Thursday, December 31, 2020

"The End" Week: Flinch #16!

Sometimes I'll grab a last issue when I find it; and sometimes I'll randomly find one already in my collection, like today's book: From 2001, Flinch #16, with "The Wedding Breakfast" Written by Mike Carey, art by Craig Hamilton; "a temporary life." Written by Charlie Boatner, art by Philip Bond; and "Descent" Written by Guy Gonzalez, art by Danijel Zezelj. Cover by Richard Corben.
This was Vertigo's short-lived horror anthology: they had done more themed mini-series like Weird War Tales, Weird Western Tales, and Strange Adventures; but Flinch was a little more free-form. Vertigo was pretty good about getting names for those; but I don't know if 8-page stories were big enough draws.
In "The Wedding Breakfast," a shifty Victorian plots to use the poorhouse his father sponsored, to get a new downstairs maid. That's his cover story anyway, he's just looking for a suitable human sacrifice to the lords of hell; and young, naive Mala seems tailor-made for it: no close friends, prone to fantastic stories, and seemingly convinced her lost father would find her. The lamb is led to the slaughter sure enough, but of course there's a twist. "a temporary life." finds a young temp worker, smitten and grateful to his lovely supervisor Tina for the job, who volunteers for a metabolic study that gives him super-speed. Less like the Flash, more like "Wink of an Eye." He would do anything for her, but what can he do at invisible speed and aging rapidly? Lastly, in "Descent" a young man checking out a sleazy live sex show gets more than he bargained for...and then more still. Zezelj's art makes it creepy as hell; I'd seen his work in Captain America: Dead Man Running.

1 comment:

  1. So I just read it. Wow. Nice twists, although the 2nd one really isn't so much a twist as just pretty fucking cruel, and the 3rd one just seems like a PSA against going to strip clubs & possibly an indictment on the porn industry, idk.
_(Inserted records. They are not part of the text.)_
lemma levy_tail_finite:
  assumes M: "levy_measure M" and c: "0 < c"
  shows "levy_tail M c < \<infinity>"
proof -
  define d where "d = min 1 (c^2)"
  have d: "0 < d" using c by (simp add: d_def)
  have "levy_tail M c = (\<integral>\<^sup>+ y. indicator {y. c < norm y} y \<partial>M)"
    using sets_levy_tail_set[OF M] by (simp add: levy_tail_def)
  also have "\<dots> \<le> (\<integral>\<^sup>+ y. ennreal (1 / d) * ennreal (min 1 (norm y ^ 2)) \<partial>M)"
  proof (intro nn_integral_mono)
    fix y :: 'a
    show "indicator {y. c < norm y} y \<le> ennreal (1 / d) * ennreal (min 1 (norm y ^ 2))"
    proof (cases "c < norm y")
      case True
      have "c^2 < norm y ^ 2"
        by (rule power_strict_mono) (use True c in auto)
      then have "d \<le> min 1 (norm y ^ 2)"
        by (auto simp: d_def min_def)
      then have "1 \<le> 1 / d * min 1 (norm y ^ 2)"
        using d by (simp add: le_divide_eq)
      have "indicator {y. c < norm y} y = ennreal 1"
        using True by simp
      also have "\<dots> \<le> ennreal (1 / d * min 1 (norm y ^ 2))"
        by (rule ennreal_leI) fact
      also have "\<dots> = ennreal (1 / d) * ennreal (min 1 (norm y ^ 2))"
        by (rule ennreal_mult) (use d in auto)
      finally show ?thesis .
    qed simp
  qed
  also have "\<dots> = ennreal (1 / d) * (\<integral>\<^sup>+ y. ennreal (min 1 (norm y ^ 2)) \<partial>M)"
    by (intro nn_integral_cmult borel_measurable_levy_measure[OF M]) measurable
  also have "\<dots> < \<infinity>"
    using M by (simp add: levy_measure_def ennreal_mult_less_top)
  finally show ?thesis .
qed

lemma levy_measure_sigma_finite:
  fixes M :: "'a::euclidean_space measure"
  assumes M: "levy_measure M"
  shows "sigma_finite_measure M"
proof
  let ?A = "insert {0} (range (\<lambda>n::nat. {y::'a. 1 / Suc n < norm y}))"
  have "y \<in> \<Union>?A" for y
  proof (cases "y = 0")
    case False
    then have "norm y > 0" by simp
    then obtain n where "inverse (real (Suc n)) < norm y"
      using reals_Archimedean by blast
    then have "1 / Suc n < norm y"
      by (simp add: inverse_eq_divide)
    then show ?thesis by blast
  qed auto
  moreover have "space M = UNIV"
    using sets_eq_imp_space_eq[OF levy_measure_sets[OF M]] by simp
  ultimately have cover: "\<Union>?A = space M"
    by blast
  have "{0} \<in> sets M"
    using levy_measure_sets[OF M] by (simp add: borel_closed)
  moreover have "range (\<lambda>n::nat. {y::'a. 1 / Suc n < norm y}) \<subseteq> sets M"
    using sets_levy_tail_set[OF M] by (intro image_subsetI)
  ultimately have sets: "?A \<subseteq> sets M"
    by (rule insert_subsetI)
  have "emeasure M {0} \<noteq> \<infinity>"
    using M by (simp add: levy_measure_def)
  moreover have "emeasure M {y. 1 / Suc n < norm y} \<noteq> \<infinity>" for n :: nat
    using levy_tail_finite[OF M, of "1 / Suc n"] by (simp add: levy_tail_def)
  ultimately have finite: "\<forall>a\<in>?A. emeasure M a \<noteq> \<infinity>"
    by blast
  show "\<exists>A. countable A \<and> A \<subseteq> sets M \<and> \<Union>A = space M \<and> (\<forall>a\<in>A. emeasure M a \<noteq> \<infinity>)"
    using cover sets finite by (intro exI[of _ ?A]) simp
qed

lemma levy_measure_nn_integral_swap:
  assumes M: "levy_measure M" and f: "(\<lambda>(t, y). f t y) \<in> borel_measurable (lborel \<Otimes>\<^sub>M M)"
  shows "(\<integral>\<^sup>+ y. (\<integral>\<^sup>+ t. f t y \<partial>lborel) \<partial>M) = (\<integral>\<^sup>+ t. (\<integral>\<^sup>+ y. f t y \<partial>M) \<partial>lborel)"
proof -
  interpret M: sigma_finite_measure M
    by (rule levy_measure_sigma_finite[OF M])
  interpret pair_sigma_finite lborel M ..
  show ?thesis using Fubini'[OF f] .
qed
(* Let $N\ge1$. There is a constant $C>0$ such that for every $f\in L^\infty(0,1;\mathbb{R}^N)$ there exists a sequence $(f^k)_{k\ge1}\subset\mathcal{F}^N_{(0,1)}$ with $$\lim_{k\to\infty}\int_0^1 f^k(t)\cdot h(t)\,dt=\int_0^1 f(t)\cdot h(t)\,dt\quad\forall h\in L^1(0,1;\mathbb{R}^N),$$ and $\|f^k\|_{L^\infty(0,1;\mathbb{R}^N)}\le C\|f\|_{L^\infty(0,1;\mathbb{R}^N)}$ for all $k$. In particular $\mathcal{F}^N_{(0,1)}$ is weak-$*$ dense in $L^\infty(0,1;\mathbb{R}^N)$.
   Context: $\mathcal{F}^N_{(a,b)}\subset L^\infty(a,b;\mathbb{R}^N)$ is the set of piecewise constant functions with at most one nonzero component on each piece: $f\in\mathcal{F}^N_{(a,b)}$ iff there exist $p\in\mathbb{N}$, indices $i_1,\dots,i_p\in\{1,\dots,N\}$, constants $c_1,\dots,c_p\in\mathbb{R}$ and $a=t_0<t_1<\cdots<t_p=b$ with $f(t)=c_l e_{i_l}$ for $t\in(t_{l-1},t_l)$, $l=1,\dots,p$, where $e_1,\dots,e_N$ is the standard basis of $\mathbb{R}^N$. *)

theory Defs
  imports "HOL-Analysis.Analysis" "HOL-Probability.Essential_Supremum"
begin

text \<open>Functions on (0,1) with values in R^N, N = CARD('n); measure: Lebesgue on [0,1].\<close>

definition Linf_norm :: "(real \<Rightarrow> real ^ 'n) \<Rightarrow> ereal" where
  "Linf_norm f = esssup (lebesgue_on {0..1}) (\<lambda>t. ereal (norm (f t)))"

definition Linf :: "(real \<Rightarrow> real ^ 'n) set" where
  "Linf = {f. f \<in> borel_measurable (lebesgue_on {0..1}) \<and> Linf_norm f < \<infinity>}"

definition L1 :: "(real \<Rightarrow> real ^ 'n) set" where
  "L1 = {h. integrable (lebesgue_on {0..1}) h}"

definition F_N :: "real \<Rightarrow> real \<Rightarrow> (real \<Rightarrow> real ^ 'n) set" where
  "F_N a b = {f. \<exists>(p::nat) (i::nat \<Rightarrow> 'n) (c::nat \<Rightarrow> real) (t::nat \<Rightarrow> real).
      1 \<le> p \<and> t 0 = a \<and> t p = b \<and> (\<forall>l<p. t l < t (Suc l)) \<and>
      (\<forall>l\<in>{1..p}. \<forall>s\<in>{t (l - 1)<..<t l}. f s = c l *\<^sub>R axis (i l) 1)}"

end

theory Submission
  imports Defs
begin
lemma eq_0_if_last_nz_less:
  assumes "j \<le> n" "last_nz y < j"
  shows "y j = 0"
proof (rule ccontr)
  assume "y j \<noteq> 0"
  with assms last_nz_ge[of y] have "j \<in> insert i1 {j \<in> {i1<..n}. y j \<noteq> 0}"
    by auto
  then have "j \<le> last_nz y"
    unfolding last_nz_def by (intro Max_ge) auto
  with assms(2) show False by simp
qed

lemma last_nz_neq_0: "i1 < last_nz y \<Longrightarrow> y (last_nz y) \<noteq> 0"
  using Max_in[of "insert i1 {j \<in> {i1<..n}. y j \<noteq> 0}"] unfolding last_nz_def by auto

lemma col_factor_eq_U_col:
  assumes "j \<in> {1..n}" "\<not> (j < last_nz y \<and> j \<in> N)" "a < m j"
  shows "col_factor y j a = U j a (y j)"
  using assms col0 eq_0_if_last_nz_less[of j y] by (auto simp: col_factor_def M_def)

lemma U_summand_eq_0:
  assumes z: "z \<in> S" and k: "k \<in> {i1<..n}" "k \<noteq> last_nz y"
  shows "U_summand k z y = 0"
proof (cases "k < last_nz y")
  case True
  then show ?thesis
    unfolding U_summand_def using k last_nz_neq_0[of y] last_nz_range[of y]
    by (intro kron_eq_0[of "last_nz y"]) (auto simp: Amat_def)
next
  case False
  then have "y k = 0"
    using k eq_0_if_last_nz_less[of k y] by auto
  then show ?thesis
    unfolding U_summand_def using k i1_range col0 states_memD[OF z, of k]
    by (intro kron_eq_0[of k]) (auto simp: Amat_def)
qed
lemma succ_i_inj_on:
  assumes j: "1 \<le> j" "j \<le> q"
  shows "inj_on (s j) W"
proof (rule inj_onI)
  fix x x' assume x: "x \<in> W" and x': "x' \<in> W" and eq: "s j x = s j x'"
  let ?f = "ie (bl x) j" and ?f' = "ie (bl x') j"
  note f = succ_i_step(1,2)[OF x j] and f' = succ_i_step(1,2)[OF x' j]
  have "?f = ie (wh ?f) j" by (rule inc_edge_eq[OF f(1) wht_end_in[OF f(1)] f(2), symmetric])
  also have "wh ?f = wh (s j x)" by (rule succ_i_step(5)[OF x j, symmetric])
  also have "\<dots> = wh (s j x')" by (simp only: eq)
  also have "\<dots> = wh ?f'" by (rule succ_i_step(5)[OF x' j])
  also have "ie (wh ?f') j = ?f'" by (rule inc_edge_eq[OF f'(1) wht_end_in[OF f'(1)] f'(2)])
  finally have ff: "?f = ?f'" .
  have "bl x = bl ?f" by (rule succ_i_step(3)[OF x j, symmetric])
  also have "\<dots> = bl ?f'" by (simp only: ff)
  also have "\<dots> = bl x'" by (rule succ_i_step(3)[OF x' j])
  finally have bb: "bl x = bl x'" .
  have "x = ie (bl x) 0" by (rule inc_edge_0_blk_end[OF x, symmetric])
  also have "\<dots> = ie (bl x') 0" by (simp only: bb)
  also have "\<dots> = x'" by (rule inc_edge_0_blk_end[OF x'])
  finally show "x = x'" .
qed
    I definitely remember the cover to this first issue due to how freaky it looked when I saw an ad for it in an issue of Wizard at the time. I'm not sure why I didn't get into it or the other anthology ones other than I was young, dumb and mostly stuck to mainstream titles, very rarely venturing outside of them other than occasionally buying indy stuff from Image.

    I did buy the 1st issue of Weird War Tales though and definitely found myself tearing up reading one of the stories.

    Looks I'm going to have to go back and read ALL of these now.